» **DATA SECTION**:
lemma antipalindrome_subseq_hard_word:
  assumes anti: "map Not (rev v) = v" and sub: "subseq v (hard_word x y k)" and x: "2 * k < x"
  shows "length v \<le> 2 * x"
proof -
  let ?R = "alternating k @ replicate k False"
  have "count_list v False = count_list (map Not (rev v)) False"
    using anti by simp
  also have "\<dots> = count_list v True"
    by simp
  finally have len: "length v = 2 * count_list v True"
    using length_eq_count_True_plus_False[of v] by simp
  obtain i v' where i: "i \<le> x" and v': "v = replicate i True @ v'"
    and "subseq v' (replicate y False @ ?R)"
    using sub unfolding hard_word_def by (rule subseq_replicate_appendE)
  then obtain j u where v: "v = replicate i True @ replicate j False @ u" and u: "subseq u ?R"
    by (elim subseq_replicate_appendE) simp
  have count_v: "count_list v True = i + count_list u True"
    using v by simp
  have "count_list v True \<le> x"
  proof (cases "True \<in> set u \<and> i \<noteq> 0")
    case False
    have "count_list u True \<le> k" using count_list_subseq_le[OF u, of True] by simp
    then show ?thesis using False count_v i x by (auto simp: count_list_0_iff)
  next
    case True
    then obtain q r where q: "u = q @ replicate r False" "q \<noteq> []" "last q = True"
      using split_last_True by blast
    have "(replicate r True @ map Not (rev (replicate j False @ q))) @ replicate i False
          = map Not (rev v)"
      using v q(1) by simp
    also have "\<dots> = v" by (rule anti)
    also have "\<dots> = (replicate i True @ replicate j False @ q) @ replicate r False"
      using v q(1) by simp
    finally have "i \<le> r"
      by (rule append_replicate_eq_imp_le) (use q in auto)
    moreover have "count_list q True + r \<le> 2 * k + 1"
      using subseq_alternating_a_then_bs[of q r k k] u q by simp
    ultimately show ?thesis using count_v q(1) x by simp
  qed
  then show ?thesis using len by simp
qed

lemma Sd_word_ge:
  assumes "\<And>v. subseq v w \<Longrightarrow> is_palindrome v \<or> is_antipalindrome v \<Longrightarrow> length v \<le> L"
  shows "length w - L \<le> Sd_word w"
proof -
  let ?P = "\<lambda>k. \<exists>v. subseq v w \<and> length v + k = length w \<and> (is_palindrome v \<or> is_antipalindrome v)"
  have "?P (length w)"
    by (rule exI[of _ "[]"]) (simp add: is_palindrome_def)
  then have "?P (Sd_word w)"
    unfolding Sd_word_def by (rule LeastI)
  then show ?thesis using assms by fastforce
qed
(* $f_3(5,4)=\frac{16}{7}=\rho_3(G^* )$, where $G^*$ is the $7$-vertex graph obtained from $K_6$ by deleting the two edges of a matching $\{wx,yz\}$ and adding a new vertex adjacent exactly to $w,x,y,z$.
   Context: $\mathcal{G}(\Delta,\omega)$ denotes the class of finite simple graphs $G$ with maximum degree $\Delta(G)\le\Delta$ and clique number $\omega(G)\le\omega$. $k_t(G)$ is the number of copies of $K_t$ in $G$ and $\rho_t(G)=k_t(G)/|V(G)|$. $f_t(\Delta,\omega)=\sup\{\rho_t(G): G\in\mathcal{G}(\Delta,\omega),\ |V(G)|\ge 1\}$. *)

theory Defs
  imports Complex_Main
begin

(* A finite simple graph on vertex set V with edge set E (edges are 2-element subsets of V).
   Vertices are taken from nat: every finite graph is isomorphic to one on nat vertices. *)
definition simple_graph :: "nat set \<Rightarrow> nat set set \<Rightarrow> bool" where
  "simple_graph V E \<longleftrightarrow> finite V \<and> (\<forall>e\<in>E. e \<subseteq> V \<and> card e = 2)"

definition degree :: "nat set \<Rightarrow> nat set set \<Rightarrow> nat \<Rightarrow> nat" where
  "degree V E v = card {u \<in> V. {u, v} \<in> E}"

definition max_degree_le :: "nat set \<Rightarrow> nat set set \<Rightarrow> nat \<Rightarrow> bool" where
  "max_degree_le V E d \<longleftrightarrow> (\<forall>v\<in>V. degree V E v \<le> d)"

definition is_clique :: "nat set \<Rightarrow> nat set set \<Rightarrow> nat set \<Rightarrow> bool" where
  "is_clique V E S \<longleftrightarrow> S \<subseteq> V \<and> (\<forall>u\<in>S. \<forall>v\<in>S. u \<noteq> v \<longrightarrow> {u, v} \<in> E)"

definition clique_number_le :: "nat set \<Rightarrow> nat set set \<Rightarrow> nat \<Rightarrow> bool" where
  "clique_number_le V E w \<longleftrightarrow> (\<forall>S. is_clique V E S \<longrightarrow> card S \<le> w)"

definition graph_class :: "nat \<Rightarrow> nat \<Rightarrow> nat set \<Rightarrow> nat set set \<Rightarrow> bool" where
  "graph_class D w V E \<longleftrightarrow> simple_graph V E \<and> max_degree_le V E D \<and> clique_number_le V E w"
(* A depth-first search inside a vertex set T0 extends the current (2,3)-path by a 2-edge, or by a
   3-edge whose third vertex is taken from the unvisited vertices T or from a reservoir Z of candidate
   third vertices, and retires the endpoint of the path when neither is possible. Since no path reaches
   n vertices, once s vertices are retired the retired set S has no 2-edge to T and no 3-edge uv(z) with
   u in S, v in T and z in T or Z, while at most 2(s + n) vertices of T0 and Z have been consumed.
   Recursing inside T, with S added to the reservoir, produces the remaining parts; the new part is the
   subset of S not used up as third vertices by the recursion, so no 3-edge between two later parts has
   its third vertex in it. Hence a 3-edge joining two parts has its third vertex in the part split off
   first. With m = cn and s = 2 3^j m - m at depth j, a set of 5^(j+1) m vertices leaves 5^j m vertices
   for the recursion, and the reservoir loses at most 2 3^(j+1) m - 2m vertices. *)

definition path23_witnessed ::
    "'a set \<Rightarrow> 'a set set \<Rightarrow> ('a set \<times> 'a) set \<Rightarrow> 'a list \<Rightarrow> nat set \<Rightarrow> (nat \<Rightarrow> 'a) \<Rightarrow> bool" where
  "path23_witnessed V E2 E3 xs I w \<longleftrightarrow> distinct xs \<and> set xs \<subseteq> V \<and> I \<subseteq> {..<length xs - 1} \<and> inj_on w I \<and>
     (\<forall>i\<in>I. w i \<in> V - set xs \<and> ({xs ! i, xs ! Suc i}, w i) \<in> E3) \<and>
     (\<forall>i < length xs - 1. i \<notin> I \<longrightarrow> {xs ! i, xs ! Suc i} \<in> E2)"

lemma path23_iff_witnessed: "path23 V E2 E3 xs \<longleftrightarrow> (\<exists>I w. path23_witnessed V E2 E3 xs I w)"
  by (simp add: path23_def path23_witnessed_def)

lemma path23_witnessed_snoc_2edge:
  assumes path: "path23_witnessed V E2 E3 xs I w" and y: "y \<in> V" "y \<notin> set xs" "y \<notin> w ` I"
    and edge: "xs = [] \<or> {last xs, y} \<in> E2"
  shows "path23_witnessed V E2 E3 (xs @ [y]) I w"
  unfolding path23_witnessed_def
proof (intro conjI ballI allI impI)
  fix i assume "i \<in> I"
  then have "Suc i < length xs" "w i \<in> V - set xs" "({xs ! i, xs ! Suc i}, w i) \<in> E3"
    using path unfolding path23_witnessed_def by auto
  then show "w i \<in> V - set (xs @ [y])" "({(xs @ [y]) ! i, (xs @ [y]) ! Suc i}, w i) \<in> E3"
    using y \<open>i \<in> I\<close> by (auto simp: nth_append)
next
  fix i assume i: "i < length (xs @ [y]) - 1" "i \<notin> I"
  show "{(xs @ [y]) ! i, (xs @ [y]) ! Suc i} \<in> E2"
  proof (cases "i = length xs - 1")
    case True
    moreover have "xs \<noteq> []"
      using i by auto
    ultimately show ?thesis
      using edge by (simp add: nth_append last_conv_nth)
  next
    case False
    with i path show ?thesis
      by (auto simp: nth_append path23_witnessed_def)
  qed
qed (use path y in \<open>auto simp: path23_witnessed_def\<close>)

lemma path23_witnessed_snoc_3edge:
  assumes path: "path23_witnessed V E2 E3 xs I w" and "xs \<noteq> []"
    and y: "y \<in> V" "y \<notin> set xs" "y \<notin> w ` I"
    and z: "z \<in> V" "z \<notin> set xs" "z \<noteq> y" "z \<notin> w ` I" and edge: "({last xs, y}, z) \<in> E3"
  shows "path23_witnessed V E2 E3 (xs @ [y]) (insert (length xs - 1) I) (w(length xs - 1 := z))"
    (is "path23_witnessed _ _ _ _ (insert ?l I) ?w'")
proof -
  have I: "I \<subseteq> {..<?l}" "inj_on w I"
    using path by (auto simp: path23_witnessed_def)
  have "inj_on ?w' (insert ?l I)"
    using I z(4) by (auto simp: inj_on_def)
  moreover have "?w' i \<in> V - set (xs @ [y]) \<and> ({(xs @ [y]) ! i, (xs @ [y]) ! Suc i}, ?w' i) \<in> E3"
    if "i \<in> insert ?l I" for i
  proof (cases "i = ?l")
    case True
    then show ?thesis
      using \<open>xs \<noteq> []\<close> z edge by (auto simp: nth_append last_conv_nth)
  next
    case False
    then have "i \<in> I" "Suc i < length xs"
      using that I by auto
    then show ?thesis
      using False path y(3) by (auto simp: nth_append path23_witnessed_def)
  qed
  moreover have "{(xs @ [y]) ! i, (xs @ [y]) ! Suc i} \<in> E2"
    if "i < length (xs @ [y]) - 1" "i \<notin> insert ?l I" for i
    using that path by (auto simp: nth_append path23_witnessed_def)
  ultimately show ?thesis
    using path y I \<open>xs \<noteq> []\<close> unfolding path23_witnessed_def by auto
qed

lemma path23_witnessed_butlast:
  assumes path: "path23_witnessed V E2 E3 xs I w"
  shows "path23_witnessed V E2 E3 (butlast xs) (I \<inter> {..<length xs - 2}) w"
proof -
  have "set (butlast xs) \<subseteq> set xs"
    by (simp add: in_set_butlastD subsetI)
  then show ?thesis
    using path unfolding path23_witnessed_def
    by (auto simp: distinct_butlast nth_butlast intro: inj_on_subset)
qed

lemma card_Diff_le_add_card:
  assumes "finite A" "finite C" "B - C \<subseteq> B'"
  shows "card (A - B') \<le> card (A - B) + card C"
proof -
  have "card (A - B') \<le> card ((A - B) \<union> C)"
    using assms by (intro card_mono) auto
  also have "\<dots> \<le> card (A - B) + card C"
    by (rule card_Un_le)
  finally show ?thesis .
qed

lemma UN_nth_Cons_0: "(\<Union>q\<in>{..<Suc (length As)} - {0}. (A # As) ! q) = \<Union>(set As)"
proof -
  have "{..<Suc (length As)} - {0} = Suc ` {..<length As}"
    by (auto simp: lessThan_Suc_eq_insert_0)
  moreover have "set As = (!) As ` {..<length As}"
    by (auto simp: set_conv_nth)
  ultimately show ?thesis
    by simp
qed

lemma UN_nth_Cons_Suc:
  "(\<Union>q\<in>{..<Suc (length As)} - {Suc i}. (A # As) ! q) = A \<union> (\<Union>q\<in>{..<length As} - {i}. As ! q)"
proof -
  have "{..<Suc (length As)} - {Suc i} = insert 0 (Suc ` ({..<length As} - {i}))"
    by (auto simp: lessThan_Suc_eq_insert_0)
  then show ?thesis
    by simp
qed

lemma sorted_wrt_disjnt_nth:
  "sorted_wrt disjnt As \<Longrightarrow> i < length As \<Longrightarrow> j < length As \<Longrightarrow> i \<noteq> j \<Longrightarrow> As ! i \<inter> As ! j = {}"
  by (metis disjnt_def disjnt_sym linorder_neqE_nat sorted_wrt_nth_less)

locale path_free_graph23 =
  fixes V :: "'a set" and E2 :: "'a set set" and E3 :: "('a set \<times> 'a) set" and n :: nat
  assumes graph23: "graph23 V E2 E3" and finite_V: "finite V"
    and no_path: "\<nexists>xs. length xs = n \<and> path23 V E2 E3 xs"
begin

lemma E3_witness_distinct: "({u, v}, z) \<in> E3 \<Longrightarrow> z \<noteq> u \<and> z \<noteq> v"
  using graph23 unfolding graph23_def by (fastforce simp: doubleton_eq_iff)

lemma path23_witnessed_shorter:
  "path23_witnessed V E2 E3 xs I w \<Longrightarrow> length xs \<le> n \<Longrightarrow> length xs < n"
  using no_path path23_iff_witnessed by (metis le_neq_implies_less)

definition separated :: "'a set \<Rightarrow> 'a set \<Rightarrow> 'a set \<Rightarrow> bool" where
  "separated S T Z \<longleftrightarrow> (\<forall>u v. {u, v} \<in> E2 \<longrightarrow> u \<in> S \<longrightarrow> v \<notin> T) \<and>
     (\<forall>u v z. ({u, v}, z) \<in> E3 \<longrightarrow> u \<in> S \<longrightarrow> v \<in> T \<longrightarrow> z \<notin> T \<union> Z)"

lemma separatedD2: "separated S T Z \<Longrightarrow> {u, v} \<in> E2 \<Longrightarrow> u \<in> S \<Longrightarrow> v \<notin> T"
  unfolding separated_def by blast

lemma separatedD3: "separated S T Z \<Longrightarrow> ({u, v}, z) \<in> E3 \<Longrightarrow> u \<in> S \<Longrightarrow> v \<in> T \<Longrightarrow> z \<notin> T \<union> Z"
  unfolding separated_def by blast

lemma separated_mono:
  "separated S T Z \<Longrightarrow> S' \<subseteq> S \<Longrightarrow> T' \<subseteq> T \<Longrightarrow> Z' \<subseteq> T \<union> Z \<Longrightarrow> separated S' T' Z'"
  unfolding separated_def by blast

(* S: retired vertices, xs: current path, T: unvisited vertices, Z: unused candidates for third
   vertices. Every vertex removed from T or Z is charged to a vertex of S or xs, at most twice each. *)
definition dfs_state :: "'a set \<Rightarrow> 'a set \<Rightarrow> 'a set \<Rightarrow> 'a list \<Rightarrow> 'a set \<Rightarrow> 'a set \<Rightarrow> bool" where
  "dfs_state T0 Z0 S xs T Z \<longleftrightarrow>
     S \<union> set xs \<union> T \<subseteq> T0 \<and> S \<inter> set xs = {} \<and> S \<inter> T = {} \<and> set xs \<inter> T = {} \<and> Z \<subseteq> Z0 \<and>
     (\<exists>I w. path23_witnessed V E2 E3 xs I w \<and> w ` I \<inter> (T \<union> Z) = {}) \<and> length xs < n \<and>
     card (T0 \<union> Z0 - (T \<union> Z)) \<le> 2 * (card S + length xs) \<and> separated S T Z"

context
  fixes T0 Z0 :: "'a set"
  assumes T0: "T0 \<subseteq> V" and Z0: "Z0 \<subseteq> V" and disjoint: "T0 \<inter> Z0 = {}"
begin

lemma dfs_state_finite:
  assumes "dfs_state T0 Z0 S xs T Z"
  shows "finite S" "finite T"
proof -
  have "finite T0"
    using T0 finite_V by (rule finite_subset)
  then show "finite S" "finite T"
    using assms by (auto simp: dfs_state_def intro: finite_subset[OF _ \<open>finite T0\<close>])
qed

lemma dfs_state_init: "dfs_state T0 Z0 {} [] T0 Z0"
proof -
  have "path23_witnessed V E2 E3 [] {} w" for w :: "nat \<Rightarrow> 'a"
    by (simp add: path23_witnessed_def)
  then have "0 < n"
    using no_path path23_iff_witnessed by fastforce
  then show ?thesis
    using \<open>path23_witnessed V E2 E3 [] {} undefined\<close>
    by (auto simp: dfs_state_def separated_def)
qed

lemma dfs_state_unvisited_nonempty:
  assumes "dfs_state T0 Z0 S [] T Z" "2 * card S < card T0"
  shows "T \<noteq> {}"
proof
  assume "T = {}"
  have "card T0 \<le> card (T0 \<union> Z0 - (T \<union> Z))"
    using assms(1) T0 Z0 disjoint finite_V \<open>T = {}\<close>
    by (intro card_mono) (auto simp: dfs_state_def intro: finite_subset)
  also have "\<dots> \<le> 2 * card S"
    using assms(1) by (simp add: dfs_state_def)
  finally show False
    using assms(2) by linarith
qed

lemma dfs_state_push_2edge:
  assumes state: "dfs_state T0 Z0 S xs T Z" and y: "y \<in> T" and edge: "xs = [] \<or> {last xs, y} \<in> E2"
  shows "dfs_state T0 Z0 S (xs @ [y]) (T - {y}) Z"
proof -
  obtain I w where path: "path23_witnessed V E2 E3 xs I w" and wit: "w ` I \<inter> (T \<union> Z) = {}"
    using state by (auto simp: dfs_state_def)
  have "y \<in> V" "y \<notin> set xs"
    using state y T0 by (auto simp: dfs_state_def)
  then have path': "path23_witnessed V E2 E3 (xs @ [y]) I w"
    using path wit y edge by (intro path23_witnessed_snoc_2edge) auto
  then have "length (xs @ [y]) < n"
    using state path23_witnessed_shorter by (force simp: dfs_state_def)
  moreover have "card (T0 \<union> Z0 - (T - {y} \<union> Z)) \<le> card (T0 \<union> Z0 - (T \<union> Z)) + card {y}"
    using T0 Z0 finite_V by (intro card_Diff_le_add_card) (auto intro: finite_subset)
  moreover have "separated S (T - {y}) Z"
    using state unfolding dfs_state_def by (auto elim: separated_mono)
  ultimately show ?thesis
    using state path' wit y unfolding dfs_state_def by auto
qed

» **WHAT YOU SHOULD DO**: Return each line from the data where the string "depth" can be found.

» **EXERCISE SOLUTION**:
(* A depth-first search inside a vertex set T0 extends the current (2,3)-path by a 2-edge, or by a
   first. With m = cn and s = 2 3^j m - m at depth j, a set of 5^(j+1) m vertices leaves 5^j m vertices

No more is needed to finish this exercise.